Thai actor (born 1998)

Thanawat Ratanakitpaisan (Note: Also romanized Rattanakitpaisan) (ธนวัฒน์ รัตนกิจไพศาล; born 13 October 1998), nicknamed Khaotung (ข้าวตัง) is a Thai actor signed under GMMTV. He made his acting debut in 'Cause You're My Boy (2018) and is best known for his starring roles in the television series Tonhon Chonlatee (2020), 55:15 Never Too Late (2021), The Eclipse (2022), Only Friends (2023) and The Heart Killers (2024).

==Early life and education==
Ratanakitpaisan was born and raised in Lamphun Province, Thailand. He has a younger sister. His father died when he was seven years old. He completed his secondary education at Monfort College. In 2017, he enrolled at Chiang Mai University under the Faculty of Medical Technology before transferring to Kasetsart University to study Environmental Engineering in 2018.

==Career==
In 2018, at the age of 19, Ratanakitpaisan was signed as an artist under the production and talent agency GMMTV after a casting manager saw his photos on social media and asked him to audition for the company. Shortly after, he made his acting television debut as a supporting character in the series 'Cause You're My Boy. He followed this by supporting roles in The Charming Step Mom, Blacklist and 2gether.

In 2020, Ratanakitpaisan landed his first leading role as the titular character in the boys' love series Tonhon Chonlatee alongside Suphakorn Sriphothong.

In 2021, Ratanakitpaisan played Longtae, the village chief's son, in A Tale of Thousand Stars. Later in the year, he ventured into music, releasing his first single, "Never Too Late", which served as the opening theme song for the series 55:15 Never Too Late, in which he also starred in a main role as Paul, a closeted 55-year-old man who wakes up in the body of his 15-year-old self.
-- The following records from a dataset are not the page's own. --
lemma tendsto_integral_one_minus_exp_div:
  fixes M :: "'a measure" and f X :: "'a \<Rightarrow> real"
  assumes [measurable]: "f \<in> borel_measurable M" "X \<in> borel_measurable M"
    and int: "integrable M (\<lambda>z. f z * X z)" "integrable M (\<lambda>z. f z * exp (- X z))"
  shows "((\<lambda>s. \<integral>z. f z * ((1 - exp (- s * X z)) / s) \<partial>M) \<longlongrightarrow> (\<integral>z. f z * X z \<partial>M)) (at_right 0)"
proof (rule tendsto_at_right_sequentially[of 0 1])
  fix S :: "nat \<Rightarrow> real" assume S: "\<And>n. 0 < S n" "\<And>n. S n < 1" "S \<longlonglongrightarrow> 0"
  moreover have "S n \<noteq> 0" for n
    using S(1)[of n] by linarith
  ultimately have S_at_right: "filterlim S (at_right 0) sequentially"
    by (simp add: filterlim_at)
  show "(\<lambda>n. \<integral>z. f z * ((1 - exp (- S n * X z)) / S n) \<partial>M) \<longlonglongrightarrow> (\<integral>z. f z * X z \<partial>M)"
  proof (rule integral_dominated_convergence[where w="\<lambda>z. \<bar>f z * X z\<bar> + \<bar>f z * exp (- X z)\<bar>"])
    show "integrable M (\<lambda>z. \<bar>f z * X z\<bar> + \<bar>f z * exp (- X z)\<bar>)"
      using int by auto
    show "AE z in M. (\<lambda>n. f z * ((1 - exp (- S n * X z)) / S n)) \<longlonglongrightarrow> f z * X z"
      by (intro AE_I2 tendsto_mult tendsto_const filterlim_compose[OF tendsto_one_minus_exp_div S_at_right])
    show "AE z in M. norm (f z * ((1 - exp (- S n * X z)) / S n)) \<le> \<bar>f z * X z\<bar> + \<bar>f z * exp (- X z)\<bar>" for n
    proof (intro AE_I2)
      fix z
      have "\<bar>f z\<bar> * \<bar>(1 - exp (- S n * X z)) / S n\<bar> \<le> \<bar>f z\<bar> * (\<bar>X z\<bar> + exp (- X z))"
        using S(1,2)[of n] by (intro mult_left_mono abs_one_minus_exp_div_le) auto
      then show "norm (f z * ((1 - exp (- S n * X z)) / S n)) \<le> \<bar>f z * X z\<bar> + \<bar>f z * exp (- X z)\<bar>"
        by (simp add: abs_mult distrib_left)
    qed
  qed measurable
qed simp

lemma exp_sum_le_sum_exp_mult:
  fixes b :: "nat \<Rightarrow> real"
  assumes "0 < K"
  shows "exp (\<Sum>i<K. b i) \<le> (\<Sum>i<K. exp (real K * b i))"
proof -
  have "b ` {..<K} \<noteq> {}"
    using assms by auto
  then have "Max (b ` {..<K}) \<in> b ` {..<K}"
    by (intro Max_in) auto
  then obtain j where j: "j < K" "b j = Max (b ` {..<K})"
    by auto
  then have "b i \<le> b j" if "i < K" for i
    using that by simp
  have "(\<Sum>i<K. b i) \<le> real K * b j"
    using sum_mono[of "{..<K}" b "\<lambda>_. b j"] \<open>\<And>i. i < K \<Longrightarrow> b i \<le> b j\<close> by simp
  then have "exp (\<Sum>i<K. b i) \<le> exp (real K * b j)"
    by simp
  also have "\<dots> \<le> (\<Sum>i<K. exp (real K * b i))"
    using j(1) by (intro member_le_sum) auto
  finally show ?thesis .
qed

lemma exp_mean_abs_le_sum_exp:
  fixes w :: "nat \<Rightarrow> real"
  assumes "0 < K" "0 \<le> a"
  shows "exp (a / real K * (\<Sum>i<K. \<bar>w i\<bar>)) \<le> (\<Sum>i<K. exp (a * w i) + exp (- a * w i))"
proof -
  have "exp (a / real K * (\<Sum>i<K. \<bar>w i\<bar>)) = exp (\<Sum>i<K. a / real K * \<bar>w i\<bar>)"
    by (simp add: sum_distrib_left)
  also have "\<dots> \<le> (\<Sum>i<K. exp (a * \<bar>w i\<bar>))"
    using exp_sum_le_sum_exp_mult[OF assms(1), of "\<lambda>i. a / real K * \<bar>w i\<bar>"] assms(1) by simp
  also have "\<dots> \<le> (\<Sum>i<K. exp (a * w i) + exp (- a * w i))"
    by (intro sum_mono) (simp add: abs_if add_increasing2 add_increasing)
  finally show ?thesis .
qed

lemma nn_integral_exp_mult_less:
  fixes M :: "'a measure" and p W :: "'a \<Rightarrow> real"
  assumes [measurable]: "p \<in> borel_measurable M" "W \<in> borel_measurable M"
    and W_nonneg: "\<And>z. 0 \<le> W z" and less: "(\<integral>\<^sup>+z. ennreal (p z) \<partial>M) < T"
    and r0: "0 < r0" and fin: "(\<integral>\<^sup>+z. ennreal (p z * exp (r0 * W z)) \<partial>M) < \<infinity>"
  obtains r where "0 < r" "(\<integral>\<^sup>+z. ennreal (p z * exp (r * W z)) \<partial>M) < T"
proof -
  define r where "r k = r0 / real (Suc k)" for k
  define f where "f k z = ennreal (p z * exp (r k * W z))" for k z
  have r_pos: "0 < r k" for k
    using r0 by (simp add: r_def)
  have "r (Suc k) \<le> r k" for k
    using r0 unfolding r_def by (intro divide_left_mono) auto
  then have f_dec: "f (Suc k) z \<le> f k z" for k z
  proof (cases "0 \<le> p z")
    case True
    then show ?thesis
      using \<open>r (Suc k) \<le> r k\<close> W_nonneg[of z] unfolding f_def
      by (intro ennreal_leI mult_left_mono) (auto intro: mult_right_mono)
  next
    case False
    then have "p z * exp (r (Suc k) * W z) \<le> 0"
      by (simp add: mult_nonpos_nonneg)
    then show ?thesis by (simp add: f_def ennreal_neg)
  qed
  then have dec: "decseq f"
    by (intro decseq_SucI le_funI)
  have "r \<longlonglongrightarrow> 0"
    unfolding r_def by (rule LIMSEQ_Suc[OF lim_const_over_n])
  then have "(\<lambda>k. f k z) \<longlonglongrightarrow> ennreal (p z * exp (0 * W z))" for z
    unfolding f_def by (intro tendsto_ennrealI tendsto_intros)
  moreover have "(\<lambda>k. f k z) \<longlonglongrightarrow> (INF k. f k z)" for z
    by (intro LIMSEQ_INF decseq_SucI f_dec)
  ultimately have INF_f: "(INF k. f k z) = ennreal (p z)" for z
    using LIMSEQ_unique by fastforce
  have "(\<integral>\<^sup>+z. f 0 z \<partial>M) < \<infinity>"
    using fin by (simp add: f_def r_def)
  then have "(INF k. integral\<^sup>N M (f k)) = (\<integral>\<^sup>+z. (INF k. f k z) \<partial>M)"
    by (intro nn_integral_monotone_convergence_INF_decseq[symmetric, OF dec]) (simp_all add: f_def[abs_def])
  also have "\<dots> < T"
    using less by (simp add: INF_f)
  finally obtain k where "integral\<^sup>N M (f k) < T"
    by (auto simp: INF_less_iff)
  then show ?thesis
    using r_pos that unfolding f_def by blast
qed

lemma nn_integral_PiM_prod_power:
  fixes P :: "'a measure" and g :: "'a \<Rightarrow> ennreal"
  assumes "sigma_finite_measure P" "g \<in> borel_measurable P"
  shows "(\<integral>\<^sup>+zs. (\<Prod>k<n. g (zs k)) \<partial>PiM {..<n} (\<lambda>_. P)) = (\<integral>\<^sup>+z. g z \<partial>P) ^ n"
proof -
  interpret product_sigma_finite "\<lambda>_::nat. P"
    using assms(1) by (simp add: product_sigma_finite_def)
  show ?thesis
    using product_nn_integral_prod[of "{..<n}" "\<lambda>_. g"] assms(2) by simp
qed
In 2022, Ratanakitpaisan starred as Ayan in the series The Eclipse alongside real-life best friend Kanaphan Puitrakul (First). The Eclipse won Best BL Series at the Thai Digital Awards 2022 and the Bronze Award for Best LGBTQ+ Programme Made in Asia at the Content Asia Awards 2023. He also earned an Asia Television Awards nomination for Best Theme Song for "Over The Moon (คลาด)" for which Ratanakitpaisan provided lead vocals. The two would later reprise their roles as Akk and Ayan in the 2023 anthology series Our Skyy 2.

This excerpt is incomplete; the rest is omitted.